In the entries that follow, find the word "intro" and report each line it is on.

(Collected data)
···

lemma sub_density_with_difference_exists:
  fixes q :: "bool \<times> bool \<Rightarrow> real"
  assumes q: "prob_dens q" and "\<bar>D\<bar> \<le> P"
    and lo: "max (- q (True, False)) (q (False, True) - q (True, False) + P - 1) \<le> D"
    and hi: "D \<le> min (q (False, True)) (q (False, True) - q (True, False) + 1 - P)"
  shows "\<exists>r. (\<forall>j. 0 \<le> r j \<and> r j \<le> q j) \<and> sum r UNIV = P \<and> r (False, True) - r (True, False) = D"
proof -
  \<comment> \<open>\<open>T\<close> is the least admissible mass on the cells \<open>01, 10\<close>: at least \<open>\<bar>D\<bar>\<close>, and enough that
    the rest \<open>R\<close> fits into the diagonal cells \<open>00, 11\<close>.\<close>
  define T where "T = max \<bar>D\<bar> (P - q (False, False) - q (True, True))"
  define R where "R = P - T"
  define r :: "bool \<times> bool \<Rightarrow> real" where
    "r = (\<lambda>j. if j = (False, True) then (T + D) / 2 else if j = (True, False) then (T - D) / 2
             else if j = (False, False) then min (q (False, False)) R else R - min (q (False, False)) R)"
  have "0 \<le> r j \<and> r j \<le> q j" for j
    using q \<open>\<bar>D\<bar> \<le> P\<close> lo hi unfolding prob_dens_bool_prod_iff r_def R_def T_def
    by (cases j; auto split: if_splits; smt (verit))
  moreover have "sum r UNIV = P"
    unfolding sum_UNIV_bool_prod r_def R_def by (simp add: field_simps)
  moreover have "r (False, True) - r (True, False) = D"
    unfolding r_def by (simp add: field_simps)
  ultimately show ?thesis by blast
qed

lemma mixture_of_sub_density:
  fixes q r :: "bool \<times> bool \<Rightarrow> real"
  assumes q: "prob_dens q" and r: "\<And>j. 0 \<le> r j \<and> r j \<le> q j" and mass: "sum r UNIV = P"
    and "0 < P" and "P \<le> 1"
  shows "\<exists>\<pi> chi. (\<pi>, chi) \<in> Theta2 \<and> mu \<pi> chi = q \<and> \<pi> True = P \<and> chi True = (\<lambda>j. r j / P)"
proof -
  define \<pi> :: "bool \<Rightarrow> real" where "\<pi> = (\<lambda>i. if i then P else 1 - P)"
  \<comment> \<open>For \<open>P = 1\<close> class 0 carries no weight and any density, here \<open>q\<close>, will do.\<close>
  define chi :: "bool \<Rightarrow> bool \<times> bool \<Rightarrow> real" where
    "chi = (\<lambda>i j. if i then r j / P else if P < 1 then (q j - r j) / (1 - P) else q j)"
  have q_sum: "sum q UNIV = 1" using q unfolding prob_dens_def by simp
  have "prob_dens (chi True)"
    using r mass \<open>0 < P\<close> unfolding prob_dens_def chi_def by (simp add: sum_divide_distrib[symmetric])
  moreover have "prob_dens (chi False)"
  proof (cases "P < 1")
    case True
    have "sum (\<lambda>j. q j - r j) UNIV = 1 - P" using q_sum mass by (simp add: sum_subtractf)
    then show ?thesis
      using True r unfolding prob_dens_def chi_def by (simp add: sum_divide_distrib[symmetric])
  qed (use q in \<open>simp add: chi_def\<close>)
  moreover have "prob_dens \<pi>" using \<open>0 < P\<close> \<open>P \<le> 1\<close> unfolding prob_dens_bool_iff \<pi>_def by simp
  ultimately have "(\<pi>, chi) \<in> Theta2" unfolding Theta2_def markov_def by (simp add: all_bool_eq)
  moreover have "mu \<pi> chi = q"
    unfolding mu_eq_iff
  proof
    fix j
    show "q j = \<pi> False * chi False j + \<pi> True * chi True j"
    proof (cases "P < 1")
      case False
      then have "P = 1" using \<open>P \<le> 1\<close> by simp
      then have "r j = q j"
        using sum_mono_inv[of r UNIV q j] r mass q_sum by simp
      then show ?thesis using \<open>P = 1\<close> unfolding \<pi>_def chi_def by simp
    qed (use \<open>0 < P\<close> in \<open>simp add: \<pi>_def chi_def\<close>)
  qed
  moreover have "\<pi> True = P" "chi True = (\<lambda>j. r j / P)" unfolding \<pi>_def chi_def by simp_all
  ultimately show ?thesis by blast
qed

···

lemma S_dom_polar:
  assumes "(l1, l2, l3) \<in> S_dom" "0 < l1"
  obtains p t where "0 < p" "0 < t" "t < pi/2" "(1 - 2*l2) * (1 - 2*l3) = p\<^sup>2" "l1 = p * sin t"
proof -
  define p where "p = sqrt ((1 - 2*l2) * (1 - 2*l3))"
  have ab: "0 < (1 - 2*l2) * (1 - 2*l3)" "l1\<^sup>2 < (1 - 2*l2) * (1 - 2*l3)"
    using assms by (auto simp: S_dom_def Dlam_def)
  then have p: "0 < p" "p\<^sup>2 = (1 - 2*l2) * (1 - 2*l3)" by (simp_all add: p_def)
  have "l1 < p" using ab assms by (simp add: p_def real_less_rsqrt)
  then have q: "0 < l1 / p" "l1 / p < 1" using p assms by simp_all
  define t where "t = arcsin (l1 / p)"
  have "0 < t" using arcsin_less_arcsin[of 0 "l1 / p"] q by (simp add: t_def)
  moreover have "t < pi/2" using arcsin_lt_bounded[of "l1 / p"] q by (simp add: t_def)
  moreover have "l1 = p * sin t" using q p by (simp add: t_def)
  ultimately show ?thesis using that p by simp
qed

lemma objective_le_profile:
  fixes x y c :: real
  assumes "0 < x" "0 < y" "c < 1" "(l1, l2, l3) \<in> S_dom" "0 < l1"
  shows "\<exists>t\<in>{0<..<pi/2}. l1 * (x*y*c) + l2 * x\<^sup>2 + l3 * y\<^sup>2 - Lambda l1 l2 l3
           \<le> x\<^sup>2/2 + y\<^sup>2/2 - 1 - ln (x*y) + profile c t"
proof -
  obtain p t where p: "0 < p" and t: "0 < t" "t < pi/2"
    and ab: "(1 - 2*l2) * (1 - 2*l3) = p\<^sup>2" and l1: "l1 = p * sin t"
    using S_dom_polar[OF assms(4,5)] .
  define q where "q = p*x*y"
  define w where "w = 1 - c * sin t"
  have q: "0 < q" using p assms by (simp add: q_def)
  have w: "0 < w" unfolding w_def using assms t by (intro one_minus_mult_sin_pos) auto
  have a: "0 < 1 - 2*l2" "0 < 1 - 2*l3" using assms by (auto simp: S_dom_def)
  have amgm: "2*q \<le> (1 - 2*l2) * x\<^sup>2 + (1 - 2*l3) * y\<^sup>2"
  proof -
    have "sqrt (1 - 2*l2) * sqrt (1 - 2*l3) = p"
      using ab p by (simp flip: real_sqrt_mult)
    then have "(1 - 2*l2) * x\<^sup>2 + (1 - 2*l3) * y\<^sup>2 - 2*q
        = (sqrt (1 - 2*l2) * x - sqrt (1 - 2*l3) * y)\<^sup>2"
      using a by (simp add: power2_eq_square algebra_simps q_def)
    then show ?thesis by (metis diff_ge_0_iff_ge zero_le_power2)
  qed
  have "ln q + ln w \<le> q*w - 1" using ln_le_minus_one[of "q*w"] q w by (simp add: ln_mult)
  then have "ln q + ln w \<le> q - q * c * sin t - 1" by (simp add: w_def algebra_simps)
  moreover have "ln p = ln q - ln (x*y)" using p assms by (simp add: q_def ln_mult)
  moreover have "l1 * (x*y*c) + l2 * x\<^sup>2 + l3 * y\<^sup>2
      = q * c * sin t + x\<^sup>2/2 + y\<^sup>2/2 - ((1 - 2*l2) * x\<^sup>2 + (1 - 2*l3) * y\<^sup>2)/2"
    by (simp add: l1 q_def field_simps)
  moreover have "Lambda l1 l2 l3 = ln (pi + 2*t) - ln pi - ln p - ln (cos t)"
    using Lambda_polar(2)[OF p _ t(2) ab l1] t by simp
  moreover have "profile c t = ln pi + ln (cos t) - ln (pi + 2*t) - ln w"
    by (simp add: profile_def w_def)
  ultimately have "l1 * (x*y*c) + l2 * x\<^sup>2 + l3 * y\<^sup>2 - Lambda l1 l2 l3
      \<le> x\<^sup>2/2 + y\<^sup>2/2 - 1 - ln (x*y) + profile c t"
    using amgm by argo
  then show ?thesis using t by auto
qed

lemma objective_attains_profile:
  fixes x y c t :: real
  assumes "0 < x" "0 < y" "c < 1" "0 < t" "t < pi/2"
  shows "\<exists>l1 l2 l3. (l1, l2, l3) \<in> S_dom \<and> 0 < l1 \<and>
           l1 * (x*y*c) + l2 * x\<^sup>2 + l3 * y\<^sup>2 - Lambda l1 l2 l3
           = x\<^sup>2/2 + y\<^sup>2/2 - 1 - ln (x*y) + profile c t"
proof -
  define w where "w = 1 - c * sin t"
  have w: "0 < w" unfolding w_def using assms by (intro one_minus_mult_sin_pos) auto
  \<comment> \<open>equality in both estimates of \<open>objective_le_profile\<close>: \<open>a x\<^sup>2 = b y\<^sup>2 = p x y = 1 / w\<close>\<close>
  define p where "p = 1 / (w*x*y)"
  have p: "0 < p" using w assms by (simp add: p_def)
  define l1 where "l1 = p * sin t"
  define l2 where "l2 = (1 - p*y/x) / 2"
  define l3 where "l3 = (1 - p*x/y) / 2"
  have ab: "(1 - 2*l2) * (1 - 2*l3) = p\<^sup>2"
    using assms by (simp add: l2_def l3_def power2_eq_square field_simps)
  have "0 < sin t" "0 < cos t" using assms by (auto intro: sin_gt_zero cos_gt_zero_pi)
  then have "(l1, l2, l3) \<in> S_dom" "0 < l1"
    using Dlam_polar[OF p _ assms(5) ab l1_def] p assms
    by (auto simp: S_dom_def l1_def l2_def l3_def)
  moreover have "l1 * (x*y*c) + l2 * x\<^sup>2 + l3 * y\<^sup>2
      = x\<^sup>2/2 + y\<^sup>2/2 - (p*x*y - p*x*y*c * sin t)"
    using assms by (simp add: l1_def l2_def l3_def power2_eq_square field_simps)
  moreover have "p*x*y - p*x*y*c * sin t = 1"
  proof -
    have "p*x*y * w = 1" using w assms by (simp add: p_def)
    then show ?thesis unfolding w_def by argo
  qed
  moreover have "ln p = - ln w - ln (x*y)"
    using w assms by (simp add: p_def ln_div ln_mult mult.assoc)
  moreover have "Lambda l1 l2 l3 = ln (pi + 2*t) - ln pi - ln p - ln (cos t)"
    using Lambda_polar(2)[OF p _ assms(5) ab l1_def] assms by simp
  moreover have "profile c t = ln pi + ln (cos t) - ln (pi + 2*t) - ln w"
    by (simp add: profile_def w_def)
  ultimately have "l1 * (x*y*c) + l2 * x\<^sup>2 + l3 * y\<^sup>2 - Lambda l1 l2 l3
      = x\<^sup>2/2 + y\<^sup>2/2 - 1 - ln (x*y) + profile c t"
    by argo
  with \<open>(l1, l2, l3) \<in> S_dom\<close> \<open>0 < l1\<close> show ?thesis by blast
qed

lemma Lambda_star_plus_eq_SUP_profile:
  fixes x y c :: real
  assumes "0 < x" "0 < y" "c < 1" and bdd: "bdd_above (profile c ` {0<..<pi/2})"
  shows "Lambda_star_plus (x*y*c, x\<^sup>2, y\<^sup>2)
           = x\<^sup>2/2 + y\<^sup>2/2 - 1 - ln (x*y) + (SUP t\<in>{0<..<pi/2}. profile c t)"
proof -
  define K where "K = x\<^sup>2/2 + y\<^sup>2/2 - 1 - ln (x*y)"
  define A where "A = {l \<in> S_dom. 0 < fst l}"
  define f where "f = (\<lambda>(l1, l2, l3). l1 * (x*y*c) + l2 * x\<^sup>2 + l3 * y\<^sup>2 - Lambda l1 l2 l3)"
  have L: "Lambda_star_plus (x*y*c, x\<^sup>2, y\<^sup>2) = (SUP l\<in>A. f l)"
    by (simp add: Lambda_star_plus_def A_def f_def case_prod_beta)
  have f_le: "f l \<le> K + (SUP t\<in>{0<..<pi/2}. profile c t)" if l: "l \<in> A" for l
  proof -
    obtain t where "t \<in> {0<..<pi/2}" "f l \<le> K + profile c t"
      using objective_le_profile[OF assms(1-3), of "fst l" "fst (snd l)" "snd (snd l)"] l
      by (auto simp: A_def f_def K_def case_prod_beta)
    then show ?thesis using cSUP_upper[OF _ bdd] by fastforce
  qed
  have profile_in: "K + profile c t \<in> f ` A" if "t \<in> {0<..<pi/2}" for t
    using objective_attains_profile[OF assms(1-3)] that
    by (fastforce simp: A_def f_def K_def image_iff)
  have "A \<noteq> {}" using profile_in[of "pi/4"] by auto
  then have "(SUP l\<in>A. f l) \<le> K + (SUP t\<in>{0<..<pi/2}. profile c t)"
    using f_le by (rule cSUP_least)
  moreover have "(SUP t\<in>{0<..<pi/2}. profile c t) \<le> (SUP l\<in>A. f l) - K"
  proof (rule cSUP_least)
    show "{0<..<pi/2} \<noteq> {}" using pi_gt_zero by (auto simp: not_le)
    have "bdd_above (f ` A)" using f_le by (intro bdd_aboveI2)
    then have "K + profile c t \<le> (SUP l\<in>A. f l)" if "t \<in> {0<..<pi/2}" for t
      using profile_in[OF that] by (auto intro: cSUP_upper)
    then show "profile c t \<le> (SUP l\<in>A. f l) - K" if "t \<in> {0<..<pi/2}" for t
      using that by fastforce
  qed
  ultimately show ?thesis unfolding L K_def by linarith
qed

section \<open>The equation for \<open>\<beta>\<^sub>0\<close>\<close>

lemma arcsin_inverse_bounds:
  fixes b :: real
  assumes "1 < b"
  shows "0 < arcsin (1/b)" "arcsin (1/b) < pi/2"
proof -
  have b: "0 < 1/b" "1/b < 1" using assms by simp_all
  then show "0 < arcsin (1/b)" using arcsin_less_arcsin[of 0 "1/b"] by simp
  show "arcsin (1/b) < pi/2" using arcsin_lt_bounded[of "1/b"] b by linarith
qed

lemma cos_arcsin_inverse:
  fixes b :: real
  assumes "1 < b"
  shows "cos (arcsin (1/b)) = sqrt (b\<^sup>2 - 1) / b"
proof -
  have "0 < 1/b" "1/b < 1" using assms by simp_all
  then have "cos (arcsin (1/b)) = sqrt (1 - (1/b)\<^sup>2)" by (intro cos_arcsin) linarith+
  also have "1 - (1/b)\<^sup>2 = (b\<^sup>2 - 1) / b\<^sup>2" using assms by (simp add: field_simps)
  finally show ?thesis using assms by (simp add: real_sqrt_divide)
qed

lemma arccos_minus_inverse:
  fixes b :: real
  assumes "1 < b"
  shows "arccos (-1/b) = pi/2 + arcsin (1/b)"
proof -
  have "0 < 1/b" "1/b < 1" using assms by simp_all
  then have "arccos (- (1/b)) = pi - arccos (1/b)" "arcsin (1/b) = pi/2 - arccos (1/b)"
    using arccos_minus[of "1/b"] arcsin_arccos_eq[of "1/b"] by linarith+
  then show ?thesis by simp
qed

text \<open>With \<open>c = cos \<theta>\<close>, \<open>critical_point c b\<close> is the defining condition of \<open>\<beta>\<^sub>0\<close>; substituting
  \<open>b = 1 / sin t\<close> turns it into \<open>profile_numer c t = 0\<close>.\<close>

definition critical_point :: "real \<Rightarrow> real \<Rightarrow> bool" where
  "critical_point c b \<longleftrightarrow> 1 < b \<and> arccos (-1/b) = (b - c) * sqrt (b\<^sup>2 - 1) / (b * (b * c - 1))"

···

- [EXPECTED OUTPUT]
  have w: "0 < w" unfolding w_def using assms t by (intro one_minus_mult_sin_pos) auto
  have w: "0 < w" unfolding w_def using assms by (intro one_minus_mult_sin_pos) auto
  have "0 < sin t" "0 < cos t" using assms by (auto intro: sin_gt_zero cos_gt_zero_pi)
    have "bdd_above (f ` A)" using f_le by (intro bdd_aboveI2)
      using profile_in[OF that] by (auto intro: cSUP_upper)
  then have "cos (arcsin (1/b)) = sqrt (1 - (1/b)\<^sup>2)" by (intro cos_arcsin) linarith+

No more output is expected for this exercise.